§ EXERCISE DETAILS:
For the listing below, report all lines that hold the word "disjoint".

= Beginning of Section =

lemma is_cycle_butlast_append_path:
  assumes P: "is_path V E P" "2 \<le> length P" and Q: "is_path V E Q"
    and joined: "hd Q = last P" "E (last Q) (hd P)"
    and disjoint: "set (butlast P) \<inter> set Q = {}" and long: "3 \<le> length P - 1 + length Q"
  shows "is_cycle V E (butlast P @ Q)"
proof -
  have Pp: "P \<noteq> []" "distinct P" "set P \<subseteq> V" "successively E P"
    using P(1) by (simp_all add: is_path_iff_successively)
  have Qp: "Q \<noteq> []" "distinct Q" "set Q \<subseteq> V" "successively E Q"
    using Q by (simp_all add: is_path_iff_successively)
  have ne: "butlast P \<noteq> []"
    using P(2) by (cases P rule: rev_cases) auto
  have "successively E (butlast P @ [last P])"
    using Pp by (simp add: append_butlast_last_id)
  then have "successively E (butlast P)" "E (last (butlast P)) (hd Q)"
    using ne joined(1) by (simp_all add: successively_append_iff)
  then have "successively E (butlast P @ Q)"
    using Qp ne by (simp add: successively_append_iff)
  moreover have "hd (butlast P @ Q) = hd P"
    using ne Pp(1) by (metis append_butlast_last_id hd_append2)
  moreover have "distinct (butlast P @ Q)"
    using Pp(2) Qp(2) disjoint by (simp add: distinct_butlast)
  moreover have "set (butlast P @ Q) \<subseteq> V"
    using Pp(3) Qp(3) by (auto dest: in_set_butlastD)
  ultimately show ?thesis
    using Qp(1) joined(2) long by (simp add: is_cycle_iff_successively)
qed

lemma force_of_goal: "goal r j \<Longrightarrow> force E goal m r j d"
  by (cases m) simp_all

lemma force_by_advancing_along_cycle:
  fixes good :: "nat \<Rightarrow> nat \<Rightarrow> bool" and potential :: "nat \<Rightarrow> nat \<Rightarrow> nat"
  assumes cycle: "is_cycle V E C"
    and goal: "\<And>p q. p < length C \<Longrightarrow> q < length C \<Longrightarrow> good p q \<Longrightarrow> goal (C ! p) (C ! q)"
    and good_diag: "\<And>p. good p p"
    and advance_fst: "\<And>p q. p < length C \<Longrightarrow> q < length C \<Longrightarrow> \<not> good p q \<Longrightarrow>
      good (Suc p mod length C) q \<or> potential (Suc p mod length C) q < potential p q"
    and advance_snd: "\<And>p q. p < length C \<Longrightarrow> q < length C \<Longrightarrow> \<not> good p q \<Longrightarrow>
      good p (Suc q mod length C) \<or> potential p (Suc q mod length C) < potential p q"
  shows "p < length C \<Longrightarrow> q < length C \<Longrightarrow> d \<noteq> C ! p \<Longrightarrow> d \<noteq> C ! q \<Longrightarrow>
    good p q \<or> potential p q < m \<Longrightarrow> force E goal m (C ! p) (C ! q) d"
proof (induction m arbitrary: p q d)
  case 0
  then show ?case
    using goal by simp
next
  case (Suc m)
  let ?n = "length C" and ?adv = "\<lambda>k. Suc k mod length C"
  show ?case
  proof (cases "good p q")
    case True
    then show ?thesis
      using goal Suc.prems by (simp add: force_of_goal)
  next
    case bad: False
    then have bound: "potential p q < Suc m"
      using Suc.prems(5) by simp
    have "0 < ?n"
      using Suc.prems(1) by linarith
    then have adv_lt: "?adv p < ?n" "?adv q < ?n"
      by simp_all
    have "p \<noteq> q"
      using bad good_diag by metis
    then have "?adv p \<noteq> ?adv q"
      using Suc.prems(1,2) by (simp add: mod_Suc)
    then have "C ! ?adv p \<noteq> C ! ?adv q"
      using cycle adv_lt by (simp add: is_cycle_def nth_eq_iff_index_eq)
    then consider "d \<noteq> C ! ?adv p" | "d \<noteq> C ! ?adv q"
      by blast
    then show ?thesis
    proof cases
      case 1
      have "good (?adv p) q \<or> potential (?adv p) q < m"
        using advance_fst[OF Suc.prems(1,2) bad] bound by linarith
      then have "force E goal m (C ! ?adv p) (C ! q) d'"
        if "d' \<noteq> C ! ?adv p" "d' \<noteq> C ! q" for d'
        using Suc.IH[OF adv_lt(1) Suc.prems(2) that] by blast
      moreover have "step E (C ! p) (C ! ?adv p)"
        using is_cycle_edge[OF cycle Suc.prems(1)] by (simp add: step_def)
      ultimately show ?thesis
        using 1 Suc.prems(4) by (auto simp: step_def)
    next
      case 2
      have "good p (?adv q) \<or> potential p (?adv q) < m"
        using advance_snd[OF Suc.prems(1,2) bad] bound by linarith
      then have "force E goal m (C ! p) (C ! ?adv q) d'"
        if "d' \<noteq> C ! p" "d' \<noteq> C ! ?adv q" for d'
        using Suc.IH[OF Suc.prems(1) adv_lt(2) that] by blast
      moreover have "step E (C ! q) (C ! ?adv q)"
        using is_cycle_edge[OF cycle Suc.prems(2)] by (simp add: step_def)
      ultimately show ?thesis
        using 2 Suc.prems(3) by (auto simp: step_def)
    qed
  qed
qed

= End of Section =

§ SOLVED PROBLEM:
    and disjoint: "set (butlast P) \<inter> set Q = {}" and long: "3 \<le> length P - 1 + length Q"
    using Pp(2) Qp(2) disjoint by (simp add: distinct_butlast)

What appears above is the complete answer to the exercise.